** Your task **
Return only the lines of the listing below that run from the line with "i) * of_nat ((n +" through the line with "monom ((-1) ^", both ends included, exactly as written.
═════ Excerpted data ═════
(* Let $p$ be an odd prime, $q=p^e$ with $e\ge 1$, and let $k$ be an integer with $1\le k\le e$. Then $F_{p^k}(1,x)$ is a permutation polynomial of $\mathbb{F}_q$ if and only if $\gcd\!\left(\frac{p^k-1}{2},\,q-1\right)=1$.
   Context: For an integer $n\ge 1$, the $n$-th reversed Dickson polynomial of the third kind is $F_n(a,x)=\sum_{i=0}^{\lfloor n/2\rfloor}\frac{n-2i}{n-i}\binom{n-i}{i}(-x)^i a^{n-2i}$, where each coefficient $\frac{n-2i}{n-i}\binom{n-i}{i}$ is an integer (read in $\mathbb{F}_q$), and $F_0(a,x)=0$. A polynomial $f\in\mathbb{F}_q[x]$ is a permutation polynomial of $\mathbb{F}_q$ if $c\mapsto f(c)$ is a bijection of $\mathbb{F}_q$. *)

theory Defs
  imports "HOL-Computational_Algebra.Computational_Algebra" "HOL-Library.Cardinality"
begin

text \<open>Integer coefficient (n-2i)/(n-i) * binom(n-i,i); the division is exact for 2i <= n, n >= 1.\<close>
definition rdick3_coeff :: "nat \<Rightarrow> nat \<Rightarrow> nat" where
  "rdick3_coeff n i = ((n - 2*i) * ((n - i) choose i)) div (n - i)"

definition rev_dickson3 :: "nat \<Rightarrow> 'a::comm_ring_1 \<Rightarrow> 'a poly" where
  "rev_dickson3 n a =
     (if n = 0 then 0
      else (\<Sum>i = 0..n div 2.
              smult (of_nat (rdick3_coeff n i) * a ^ (n - 2*i)) ([:0, -1:] ^ i)))"

definition permutation_polynomial :: "'a::{finite,comm_ring_1} poly \<Rightarrow> bool" where
  "permutation_polynomial f \<longleftrightarrow> bij (\<lambda>c. poly f c)"

end

theory Submission
  imports Defs "HOL-Number_Theory.Residues"
begin

text \<open>
  Since (n-2i)/(n-i) C(n-i,i) = C(n-i-1,i), the reversed Dickson polynomial of the third kind
  is F_n(a,x) = a E_{n-1}(a,x), where E is the one of the second kind, and the recurrence of E
  gives (2y-a) E_{n-1}(a, y(a-y)) = y^n - (a-y)^n. If n = p^k with p the odd characteristic,
  the right-hand side equals (2y-a)^n by the Frobenius, so cancelling 2y-a leaves
  F_n(a,x) = a (a^2-4x)^m with m = (n-1)/2. Over F_q, where 4 is invertible, F_n(1,x) is thus
  an affine bijection followed by c \<mapsto> c^m, which permutes F_q iff gcd(m, q-1) = 1: one
  direction by Fermat and Bezout, the other because for a prime r dividing both, c \<mapsto> c^m
  sends a nontrivial r-th root of unity z^((q-1)/r) to 1.
\<close>

(* Residues, imported for CHAR_dvd_CARD, brings along HOL-Algebra's homonyms of these constants. *)
hide_const (open) up_ring.coeff up_ring.monom module.smult

lemma rdick3_coeff_eq_choose:
  assumes "0 < n"
  shows "rdick3_coeff n j = (n - j - 1) choose j"
proof (cases "j < n")
  case True
  have "(n - 2*j) * ((n - j) choose j) = (n - j) * ((n - j - 1) choose j)"
    using binomial_absorb_comp[of "n - j" j] by (simp add: diff_diff_add mult_2)
  then show ?thesis
    using True by (simp add: rdick3_coeff_def)
next
  case False
  then show ?thesis
    using assms by (simp add: rdick3_coeff_def)
qed

fun rev_dickson2 :: "nat \<Rightarrow> 'a::comm_ring_1 \<Rightarrow> 'a poly" where
  "rev_dickson2 0 a = 1"
| "rev_dickson2 (Suc 0) a = [:a:]"
| "rev_dickson2 (Suc (Suc n)) a = smult a (rev_dickson2 (Suc n) a) + [:0, -1:] * rev_dickson2 n a"

lemma coeff_rev_dickson2:
  "coeff (rev_dickson2 n a) j = (-1) ^ j * of_nat ((n - j) choose j) * a ^ (n - 2*j)"
proof (induction n a arbitrary: j rule: rev_dickson2.induct)
  case (3 n a)
  show ?case
  proof (cases j)
    case 0
    then show ?thesis using "3.IH"(1)[of 0] by simp
  next
    case (Suc i)
    have a_pow: "a * a ^ (n + 1 - 2 * j) * of_nat ((n + 1 - j) choose j)
        = a ^ (n - 2 * i) * of_nat ((n + 1 - j) choose j)"
    proof (cases "2 * j \<le> n + 1")
      case True
      then have "Suc (n + 1 - 2 * j) = n - 2 * i" using Suc by simp
      then show ?thesis by (simp flip: power_Suc)
    next
      case False
      then show ?thesis by (simp add: binomial_eq_0)
    qed
    have pascal: "(n + 2 - j) choose j = ((n + 1 - j) choose j) + ((n - i) choose i)"
      using Suc by (cases "i \<le> n") (simp_all add: Suc_diff_le binomial_eq_0)
    have "coeff (rev_dickson2 (Suc (Suc n)) a) j
        = a * coeff (rev_dickson2 (Suc n) a) j - coeff (rev_dickson2 n a) i"
      using Suc by simp
    also have "\<dots> = (-1) ^ j * (a * a ^ (n + 1 - 2 * j) * of_nat ((n + 1 - j) choose j)
        + a ^ (n - 2 * i) * of_nat ((n - i) choose i))"
      using Suc "3.IH"(1)[of j] "3.IH"(2)[of i] by (simp add: algebra_simps)
    also have "\<dots> = (-1) ^ j * of_nat ((n + 2 - j) choose j) * a ^ (n + 2 - 2 * j)"
      unfolding a_pow pascal using Suc by (simp add: algebra_simps)
    finally show ?thesis by simp
  qed
qed (auto simp: coeff_pCons binomial_eq_0 split: nat.split)

lemma coeff_rev_dickson3:
  assumes "0 < n"
  shows "coeff (rev_dickson3 n a) j = (-1) ^ j * of_nat ((n - j - 1) choose j) * a ^ (n - 2*j)"
proof -
  have "([:0, -1:] :: 'a poly) = monom (-1) 1"
    by (simp add: monom_Suc monom_0)
  then have "([:0, -1:] :: 'a poly) ^ i = monom ((-1) ^ i) i" for i
    by (simp add: monom_power)
  then have "coeff (rev_dickson3 n a) j
      = (if j \<le> n div 2 then (-1) ^ j * of_nat (rdick3_coeff n j) * a ^ (n - 2*j) else 0)"
    using assms by (simp add: rev_dickson3_def coeff_sum coeff_monom if_distrib mult.commute cong: if_cong)
  moreover have "n - j - 1 < j" if "\<not> j \<le> n div 2"
    using that by linarith
  ultimately show ?thesis
    using assms by (cases "j \<le> n div 2") (simp_all add: rdick3_coeff_eq_choose binomial_eq_0)
qed

lemma rev_dickson3_eq_smult_rev_dickson2:
  assumes "0 < n"
  shows "rev_dickson3 n a = smult a (rev_dickson2 (n - 1) a)"
proof (rule poly_eqI)
  fix j
  have "a ^ (n - 2*j) * of_nat ((n - j - 1) choose j) = a * a ^ (n - 1 - 2*j) * of_nat ((n - j - 1) choose j)"
  proof (cases "2 * j < n")
    case True
    then have "n - 2*j = Suc (n - 1 - 2*j)" by simp
    then show ?thesis by simp
  next
    case False
    then have "n - j - 1 < j"
      using assms by linarith
    then show ?thesis by (simp add: binomial_eq_0)
  qed
  then show "coeff (rev_dickson3 n a) j = coeff (smult a (rev_dickson2 (n - 1) a)) j"
    using assms by (simp add: coeff_rev_dickson3 coeff_rev_dickson2 algebra_simps)
qed

lemma pcompose_power: "pcompose (p ^ n) q = pcompose p q ^ n"
  by (induction n) (simp_all add: pcompose_mult pcompose_1)

lemma rev_dickson2_pcompose:
  fixes a :: "'a::comm_ring_1"
  defines "y \<equiv> [:0, 1:]" and "u \<equiv> [:a, -1:]"
  shows "(y - u) * pcompose (rev_dickson2 n a) (y * u) = y ^ Suc n - u ^ Suc n"
proof (induction n rule: induct_nat_012)
  case 0
  then show ?case by (simp add: pcompose_1)
next
  case 1
  have "y + u = [:a:]"
    unfolding y_def u_def by simp
  then have "(y - u) * pcompose (rev_dickson2 1 a) (y * u) = (y - u) * (y + u)"
    by simp
  then show ?case
    by (simp add: power2_eq_square algebra_simps)
next
  case (ge2 n)
  have sum: "[:a:] = y + u"
    unfolding y_def u_def by simp
  have neg: "pcompose [:0, -1:] (y * u) = - (y * u)"
    by (simp add: pcompose_pCons)
  have rec: "pcompose (rev_dickson2 (Suc (Suc n)) a) (y * u)
      = [:a:] * pcompose (rev_dickson2 (Suc n) a) (y * u) - y * u * pcompose (rev_dickson2 n a) (y * u)"
    unfolding rev_dickson2.simps(3) pcompose_add pcompose_smult pcompose_mult neg by simp
  have "(y - u) * pcompose (rev_dickson2 (Suc (Suc n)) a) (y * u)
      = (y + u) * ((y - u) * pcompose (rev_dickson2 (Suc n) a) (y * u))
        - y * u * ((y - u) * pcompose (rev_dickson2 n a) (y * u))"
    unfolding rec sum by (simp add: algebra_simps del: rev_dickson2.simps)
  also have "\<dots> = (y + u) * (y ^ Suc (Suc n) - u ^ Suc (Suc n)) - y * u * (y ^ Suc n - u ^ Suc n)"
    using ge2 by simp
  also have "\<dots> = y ^ Suc (Suc (Suc n)) - u ^ Suc (Suc (Suc n))"
    by (simp add: algebra_simps)
  finally show ?case .
qed

lemma freshmans_dream_diff:
  fixes x y :: "'a::comm_ring_1"
  assumes "prime CHAR('a)" and "odd CHAR('a)"
  shows "(x - y) ^ (CHAR('a) ^ k) = x ^ (CHAR('a) ^ k) - y ^ (CHAR('a) ^ k)"
proof -
  have "(x + (- y)) ^ (CHAR('a) ^ k) = x ^ (CHAR('a) ^ k) + (- y) ^ (CHAR('a) ^ k)"
    using assms(1) by (rule freshmans_dream') simp
  then show ?thesis
    using assms(2) by simp
qed

lemma two_neq_zero_odd_char:
  assumes "prime CHAR('a::comm_ring_1)" and "odd CHAR('a)"
  shows "(2::'a) \<noteq> 0"
proof
  assume "(2::'a) = 0"
  then have "CHAR('a) dvd 2"
    by (metis of_nat_numeral of_nat_eq_0_iff_char_dvd)
  then have "CHAR('a) = 2"
    using assms(1) two_is_prime_nat primes_dvd_imp_eq by blast
  then show False
    using assms(2) by simp
qed

lemma rev_dickson3_char_power:
  fixes a :: "'a::idom"
  assumes "prime CHAR('a)" and "odd CHAR('a)"
  shows "rev_dickson3 (CHAR('a) ^ k) a = smult a ([:a^2, -4:] ^ ((CHAR('a) ^ k - 1) div 2))"
proof -
  define n where "n = CHAR('a) ^ k"
  define y u :: "'a poly" where "y = [:0, 1:]" and "u = [:a, -1:]"
  have "odd n" "0 < n"
    using assms by (simp_all add: n_def prime_gt_0_nat)
  have "(y - u) * pcompose (rev_dickson2 (n - 1) a) (y * u) = y ^ n - u ^ n"
    using rev_dickson2_pcompose[of a "n - 1"] \<open>0 < n\<close> by (simp add: y_def u_def)
  also have "\<dots> = (y - u) ^ n"
    using freshmans_dream_diff[of y u k] assms by (simp add: n_def)
  also have "\<dots> = (y - u) * ((y - u) ^ 2) ^ ((n - 1) div 2)"
  proof -
    have "n = Suc (2 * ((n - 1) div 2))"
      using \<open>odd n\<close> by presburger
    then show ?thesis
      by (metis power_Suc power_mult)
  qed
  also have "(y - u) ^ 2 = pcompose [:a^2, -4:] (y * u)"
    by (simp add: y_def u_def power2_eq_square pcompose_pCons algebra_simps)
  finally have "(y - u) * pcompose (rev_dickson2 (n - 1) a) (y * u)
      = (y - u) * pcompose ([:a^2, -4:] ^ ((n - 1) div 2)) (y * u)"
    by (simp only: pcompose_power)
  moreover have "y - u \<noteq> 0"
    using two_neq_zero_odd_char[OF assms] by (simp add: y_def u_def)
  ultimately have "pcompose (rev_dickson2 (n - 1) a) (y * u) = pcompose ([:a^2, -4:] ^ ((n - 1) div 2)) (y * u)"
    by simp
  moreover have "degree (y * u) > 0"
    by (simp add: y_def u_def degree_mult_eq)
  ultimately have "rev_dickson2 (n - 1) a = [:a^2, -4:] ^ ((n - 1) div 2)"
    using pcompose_eq_0[of "rev_dickson2 (n - 1) a - [:a^2, -4:] ^ ((n - 1) div 2)" "y * u"]
    by (simp add: pcompose_diff)
  then have "rev_dickson3 n a = smult a ([:a^2, -4:] ^ ((n - 1) div 2))"
    unfolding rev_dickson3_eq_smult_rev_dickson2[OF \<open>0 < n\<close>] by (rule arg_cong)
  then show ?thesis
    by (simp only: n_def)
qed

lemma CHAR_eq_of_card_eq_prime_power:
  assumes "prime p" and "CARD('a::{finite,field}) = p ^ e"
  shows "CHAR('a) = p"
proof -
  have "prime CHAR('a)"
    by (intro prime_CHAR_semidom finite_imp_CHAR_pos) simp
  moreover have "CHAR('a) dvd p ^ e"
    using CHAR_dvd_CARD[where 'a = 'a] assms(2) by simp
  ultimately show ?thesis
    using assms(1) by (metis prime_dvd_power primes_dvd_imp_eq)
qed

lemma power_card_minus_one_eq_one:
  fixes x :: "'a::{finite,field}"
  assumes "x \<noteq> 0"
  shows "x ^ (CARD('a) - 1) = 1"
proof -
  let ?U = "UNIV - {0 :: 'a}"
  have "x ^ card ?U * (\<Prod>y\<in>?U. y) = (\<Prod>y\<in>?U. x * y)"
    by (simp add: prod.distrib)
  also have "\<dots> = (\<Prod>y\<in>?U. y)"
    by (rule prod.reindex_bij_witness[of _ "\<lambda>y. y / x" "\<lambda>y. x * y"]) (use assms in auto)
  finally have "x ^ card ?U = 1"
    by simp
  then show ?thesis
    by (simp add: card_Diff_singleton)
qed

lemma card_roots_of_unity_le:
  assumes "0 < t"
  shows "card {z :: 'a::idom. z ^ t = 1} \<le> t"
proof -
  define P :: "'a poly" where "P = monom 1 t + [:-1:]"
  have "degree P = t"
    using assms by (simp add: P_def degree_add_eq_left degree_monom_eq)
  then have "P \<noteq> 0"
    using assms by auto
  moreover have "{z. z ^ t = 1} = {z. poly P z = 0}"
    by (simp add: P_def poly_monom)
  ultimately show ?thesis
    using card_poly_roots_bound[of P] \<open>degree P = t\<close> by simp
qed

lemma inj_power_imp_coprime:
  assumes "inj (\<lambda>x::'a::{finite,field}. x ^ m)"
  shows "coprime m (CARD('a) - 1)"
proof (rule ccontr)
  assume "\<not> coprime m (CARD('a) - 1)"
  then obtain r where "prime r" "r dvd m" "r dvd CARD('a) - 1"
    by (metis coprime_iff_gcd_eq_1 dvd_gcdD1 dvd_gcdD2 prime_factor_nat)
  then obtain t s where t: "CARD('a) - 1 = r * t" and s: "m = r * s"
    by (auto elim!: dvdE)
  have "card {0 :: 'a, 1} \<le> CARD('a)"
    by (rule card_mono) auto
  then have "0 < t" "t < CARD('a) - 1"
    using t prime_gt_1_nat[OF \<open>prime r\<close>] by (auto intro!: Nat.gr0I)
  have "\<exists>z :: 'a. z \<noteq> 0 \<and> z ^ t \<noteq> 1"
  proof (rule ccontr)
    assume "\<not> ?thesis"
    then have "UNIV - {0} \<subseteq> {z :: 'a. z ^ t = 1}"
      by auto
    then have "CARD('a) - 1 \<le> card {z :: 'a. z ^ t = 1}"
      by (metis card_Diff_singleton card_mono finite iso_tuple_UNIV_I)
    then show False
      using card_roots_of_unity_le[OF \<open>0 < t\<close>, where 'a = 'a] \<open>t < CARD('a) - 1\<close> by simp
  qed
  then obtain z :: 'a where "z \<noteq> 0" "z ^ t \<noteq> 1"
    by blast
  have "(z ^ t) ^ m = (z ^ (CARD('a) - 1)) ^ s"
    unfolding t s by (simp add: mult_ac flip: power_mult)
  also have "\<dots> = 1 ^ m"
    using power_card_minus_one_eq_one[OF \<open>z \<noteq> 0\<close>] by simp
  finally have "z ^ t = 1"
    using assms by (metis injD)
  with \<open>z ^ t \<noteq> 1\<close> show False ..
qed

lemma coprime_imp_bij_power:
  assumes "coprime m (CARD('a) - 1)" and "0 < m"
  shows "bij (\<lambda>x::'a::{finite,field}. x ^ m)"
proof -
  obtain s t where st: "m * s = (CARD('a) - 1) * t + 1"
    using bezout_nat[of m "CARD('a) - 1"] assms by auto
  have "(x ^ m) ^ s = x" for x :: 'a
  proof (cases "x = 0")
    case True
    then show ?thesis
      using st by (simp flip: power_mult)
  next
    case False
    have "(x ^ m) ^ s = (x ^ (CARD('a) - 1)) ^ t * x"
      by (simp add: st power_add flip: power_mult)
    then show ?thesis
      using power_card_minus_one_eq_one[OF False] by simp
  qed
  then have "inj (\<lambda>x::'a. x ^ m)"
    by (rule inj_on_inverseI)
  then show ?thesis
    by (simp add: bij_def finite_UNIV_inj_surj)
qed

lemma bij_power_iff_coprime:
  assumes "0 < m"
  shows "bij (\<lambda>x::'a::{finite,field}. x ^ m) \<longleftrightarrow> coprime m (CARD('a) - 1)"
  using assms bij_is_inj inj_power_imp_coprime coprime_imp_bij_power by blast

theorem theorem2p6:
  fixes p e k :: nat
  assumes "prime p" and "odd p" and "e \<ge> 1" and "1 \<le> k" and "k \<le> e"
    and "CARD('a) = p ^ e"
  shows "permutation_polynomial (rev_dickson3 (p ^ k) (1::'a::{finite,field}))
         \<longleftrightarrow> gcd ((p ^ k - 1) div 2) (p ^ e - 1) = 1"
proof -
  define m where "m = (p ^ k - 1) div 2"
  have char: "CHAR('a) = p"
    using CHAR_eq_of_card_eq_prime_power assms(1,6) by blast
  then have "poly (rev_dickson3 (p ^ k) (1::'a)) = (\<lambda>c. c ^ m) \<circ> (\<lambda>c. 1 - 4 * c)"
    using rev_dickson3_char_power[of k "1::'a"] assms(1,2) by (simp add: m_def fun_eq_iff mult.commute)
  moreover have "bij (\<lambda>c::'a. 1 - 4 * c)"
  proof -
    have "(4::'a) \<noteq> 0"
      using two_neq_zero_odd_char[where 'a = 'a] char assms(1,2) by (metis mult_2_right mult_eq_0_iff numeral_Bit0)
    then show ?thesis
      by (intro bij_betw_byWitness[of _ "\<lambda>c. (1 - c) / 4"]) (auto simp: field_simps)
  qed
  moreover have "0 < m"
  proof -
    have "3 \<le> p"
      using assms(1,2) prime_ge_2_nat[of p] by (cases "p = 2") auto
    also have "p \<le> p ^ k"
      using assms(4) \<open>3 \<le> p\<close> by (simp add: self_le_power)
    finally show ?thesis
      by (simp add: m_def)
  qed
  ultimately show ?thesis
    unfolding permutation_polynomial_def
    by (simp add: bij_betw_comp_iff[symmetric] bij_power_iff_coprime coprime_iff_gcd_eq_1 assms(6) m_def)
qed

end
(* Let $\mathbf{G}$ be a labeled multilayer directed network on $\mathcal{V}=\{v_1,\dots,v_n\}$ with labels $\{C_1,\dots,C_h\}$ and attractiveness values $A_{i,l}$ such that for each $l$ the values $A_{1,l},\dots,A_{n,l}$ are pairwise distinct, and suppose $\mathbf{G}$ is extremal, i.e. $P(\mathbf{G})=\min_{\mathbf{H}\in\mathcal{R}(\mathbf{G})}P(\mathbf{H})$ or $P(\mathbf{G})=\max_{\mathbf{H}\in\mathcal{R}(\mathbf{G})}P(\mathbf{H})$. Let $E\subseteq\mathcal{E}$ be a nonempty edge set with $\Delta(E)=0$. Then there is no label $C_l$ with $C_l\in\mathcal{C}(e)$ for all $e\in E$ (i.e. the edges of $E$ do not share a common label). Equivalently, if all edges of $E$ share a common label, then $\Delta(E)=1$.
   Context: A labeled multilayer directed network $\mathbf{G}=(\mathcal{V},\mathcal{E})$ is a finite simple directed graph (no self-loops, no multiple edges) on nodes $\mathcal{V}=\{v_1,\dots,v_n\}$ in which each edge $v_i\to v_j\in\mathcal{E}$ carries a nonempty label set $\mathcal{C}(i,j)\subseteq\{C_1,\dots,C_h\}$; an ordered pair $(v_i,v_j)$ is an edge iff $\mathcal{C}(i,j)\neq\emptyset$. The $l$-th layer $\mathbf{G}_l=(\mathcal{V}_l,\mathcal{E}_l)$ consists of all edges with $C_l\in\mathcal{C}(i,j)$ and their endpoints. Each node $v_i$ has, for each $l$, an attractiveness $A_{i,l}\ge 0$; let $A_{\max,l}=\max_i A_{i,l}$. The potential energy of $v_i$ in layer $l$ is $P_l(i)=\sum_{j=1}^n (A_{\max,l}-A_{j,l})\,\chi(v_i\to v_j\in\mathcal{E}_l)$, and $P(\mathbf{G})=\sum_{i=1}^n\sum_{l=1}^h P_l(i)$. A rewiring move replaces, for some layer $l$ and some edge $v_j\to v_k\in\mathcal{E}_l$, the layer-$l$ edge $v_j\to v_k$ by a layer-$l$ edge $v_j\to v_w$ with $w\neq j$ and $v_j\to v_w\notin\mathcal{E}_l$ (i.e. $C_l$ is removed from $\mathcal{C}(j,k)$ and added to $\mathcal{C}(j,w)$; the edge $v_j\to v_k$ disappears if its label set becomes empty, and $v_j\to v_w$ is created if it did not exist). $\mathcal{R}(\mathbf{G})$ is the set of all labeled multilayer networks (same nodes, same attractiveness values) obtainable from $\mathbf{G}$ by finite sequences of rewiring moves (including $\mathbf{G}$). For an edge set $F$, $\lceil F\rceil_{src}$ (resp. $\lceil F\rceil_{tar}$) is the set of source (resp. target) nodes of edges of $F$. A node $u$ is a $(2,\mathbf{G})$-follower of $v$ if the directed shortest-path distance from $u$ to $v$ in $\mathbf{G}$ (ignoring labels) equals exactly $2$. The removal procedure on $E$: set $F:=E$; while there exists a node $v\in\lceil F\rceil_{tar}$ having no $(2,\mathbf{G})$-follower in $\lceil F\rceil_{src}$, choose one such $v$ and remove from $F$ all edges of $F$ whose target is $v$; when no such node exists (or $F=\emptyset$), stop and set $\delta(E):=F$ (this is independent of the choices made). $\Delta(E)=1$ if $\delta(E)=\emptyset$, and $\Delta(E)=0$ otherwise. *)

theory Defs
  imports Complex_Main
begin

text \<open>A labeled multilayer directed network on nodes 0..<n with labels 0..<h is
  represented by its label-set function C :: nat \<Rightarrow> nat \<Rightarrow> nat set, where C i j is the
  label set of the ordered pair (i,j); (i,j) is an edge iff C i j \<noteq> {}.\<close>

definition wf_net :: "nat \<Rightarrow> nat \<Rightarrow> (nat \<Rightarrow> nat \<Rightarrow> nat set) \<Rightarrow> bool" where
  "wf_net n h C \<longleftrightarrow>
     (\<forall>i j. C i j \<subseteq> {0..<h}) \<and> (\<forall>i. C i i = {}) \<and>
     (\<forall>i j. C i j \<noteq> {} \<longrightarrow> i < n \<and> j < n)"

definition is_edge :: "(nat \<Rightarrow> nat \<Rightarrow> nat set) \<Rightarrow> nat \<Rightarrow> nat \<Rightarrow> bool" where
  "is_edge C i j \<longleftrightarrow> C i j \<noteq> {}"

definition Amax :: "nat \<Rightarrow> (nat \<Rightarrow> nat \<Rightarrow> real) \<Rightarrow> nat \<Rightarrow> real" where
  "Amax n A l = Max {A j l | j. j < n}"

definition potential_layer :: "nat \<Rightarrow> (nat \<Rightarrow> nat \<Rightarrow> real) \<Rightarrow> (nat \<Rightarrow> nat \<Rightarrow> nat set) \<Rightarrow> nat \<Rightarrow> nat \<Rightarrow> real" where
  "potential_layer n A C l i = (\<Sum>j<n. (Amax n A l - A j l) * (if l \<in> C i j then 1 else 0))"

definition potential :: "nat \<Rightarrow> nat \<Rightarrow> (nat \<Rightarrow> nat \<Rightarrow> real) \<Rightarrow> (nat \<Rightarrow> nat \<Rightarrow> nat set) \<Rightarrow> real" where
  "potential n h A C = (\<Sum>i<n. \<Sum>l<h. potential_layer n A C l i)"

definition rewire :: "nat \<Rightarrow> (nat \<Rightarrow> nat \<Rightarrow> nat set) \<Rightarrow> (nat \<Rightarrow> nat \<Rightarrow> nat set) \<Rightarrow> bool" where
  "rewire n C C' \<longleftrightarrow> (\<exists>l j k w. l \<in> C j k \<and> w < n \<and> w \<noteq> j \<and> l \<notin> C j w \<and>
      C' = C(j := (C j)(k := C j k - {l}, w := C j w \<union> {l})))"

definition rewirings :: "nat \<Rightarrow> (nat \<Rightarrow> nat \<Rightarrow> nat set) \<Rightarrow> (nat \<Rightarrow> nat \<Rightarrow> nat set) set" where
  "rewirings n C = {C'. (rewire n)\<^sup>*\<^sup>* C C'}"

definition extremal :: "nat \<Rightarrow> nat \<Rightarrow> (nat \<Rightarrow> nat \<Rightarrow> real) \<Rightarrow> (nat \<Rightarrow> nat \<Rightarrow> nat set) \<Rightarrow> bool" where
  "extremal n h A C \<longleftrightarrow>
     (\<forall>H \<in> rewirings n C. potential n h A C \<le> potential n h A H) \<or>
     (\<forall>H \<in> rewirings n C. potential n h A H \<le> potential n h A C)"

definition dist_eq :: "(nat \<Rightarrow> nat \<Rightarrow> nat set) \<Rightarrow> nat \<Rightarrow> nat \<Rightarrow> nat \<Rightarrow> bool" where
  "dist_eq C u v d \<longleftrightarrow> ((is_edge C) ^^ d) u v \<and> (\<forall>m<d. \<not> ((is_edge C) ^^ m) u v)"

definition follower2 :: "(nat \<Rightarrow> nat \<Rightarrow> nat set) \<Rightarrow> nat \<Rightarrow> nat \<Rightarrow> bool" where
  "follower2 C u v \<longleftrightarrow> dist_eq C u v 2"

definition src :: "(nat \<times> nat) set \<Rightarrow> nat set" where
  "src F = fst ` F"

definition tar :: "(nat \<times> nat) set \<Rightarrow> nat set" where
  "tar F = snd ` F"

definition removable :: "(nat \<Rightarrow> nat \<Rightarrow> nat set) \<Rightarrow> (nat \<times> nat) set \<Rightarrow> nat \<Rightarrow> bool" where
  "removable C F v \<longleftrightarrow> v \<in> tar F \<and> \<not> (\<exists>u \<in> src F. follower2 C u v)"

definition removal_step :: "(nat \<Rightarrow> nat \<Rightarrow> nat set) \<Rightarrow> (nat \<times> nat) set \<Rightarrow> (nat \<times> nat) set \<Rightarrow> bool" where
  "removal_step C F F' \<longleftrightarrow> (\<exists>v. removable C F v \<and> F' = {e \<in> F. snd e \<noteq> v})"

definition removal_result :: "(nat \<Rightarrow> nat \<Rightarrow> nat set) \<Rightarrow> (nat \<times> nat) set \<Rightarrow> (nat \<times> nat) set \<Rightarrow> bool" where
  "removal_result C E F \<longleftrightarrow> (removal_step C)\<^sup>*\<^sup>* E F \<and> \<not> (\<exists>v. removable C F v)"

text \<open>The outcome of the removal procedure (independent of choices, as stated in the paper).\<close>
definition delta :: "(nat \<Rightarrow> nat \<Rightarrow> nat set) \<Rightarrow> (nat \<times> nat) set \<Rightarrow> (nat \<times> nat) set" where
  "delta C E = (THE F. removal_result C E F)"

definition Delta :: "(nat \<Rightarrow> nat \<Rightarrow> nat set) \<Rightarrow> (nat \<times> nat) set \<Rightarrow> nat" where
  "Delta C E = (if delta C E = {} then 1 else 0)"

end

theory Submission
  imports Defs
begin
═════
** Solution to this problem **
        = a ^ (n - 2 * i) * of_nat ((n + 1 - j) choose j)"
    proof (cases "2 * j \<le> n + 1")
      case True
      then have "Suc (n + 1 - 2 * j) = n - 2 * i" using Suc by simp
      then show ?thesis by (simp flip: power_Suc)
    next
      case False
      then show ?thesis by (simp add: binomial_eq_0)
    qed
    have pascal: "(n + 2 - j) choose j = ((n + 1 - j) choose j) + ((n - i) choose i)"
      using Suc by (cases "i \<le> n") (simp_all add: Suc_diff_le binomial_eq_0)
    have "coeff (rev_dickson2 (Suc (Suc n)) a) j
        = a * coeff (rev_dickson2 (Suc n) a) j - coeff (rev_dickson2 n a) i"
      using Suc by simp
    also have "\<dots> = (-1) ^ j * (a * a ^ (n + 1 - 2 * j) * of_nat ((n + 1 - j) choose j)
        + a ^ (n - 2 * i) * of_nat ((n - i) choose i))"
      using Suc "3.IH"(1)[of j] "3.IH"(2)[of i] by (simp add: algebra_simps)
    also have "\<dots> = (-1) ^ j * of_nat ((n + 2 - j) choose j) * a ^ (n + 2 - 2 * j)"
      unfolding a_pow pascal using Suc by (simp add: algebra_simps)
    finally show ?thesis by simp
  qed
qed (auto simp: coeff_pCons binomial_eq_0 split: nat.split)

lemma coeff_rev_dickson3:
  assumes "0 < n"
  shows "coeff (rev_dickson3 n a) j = (-1) ^ j * of_nat ((n - j - 1) choose j) * a ^ (n - 2*j)"
proof -
  have "([:0, -1:] :: 'a poly) = monom (-1) 1"
    by (simp add: monom_Suc monom_0)
  then have "([:0, -1:] :: 'a poly) ^ i = monom ((-1) ^ i) i" for i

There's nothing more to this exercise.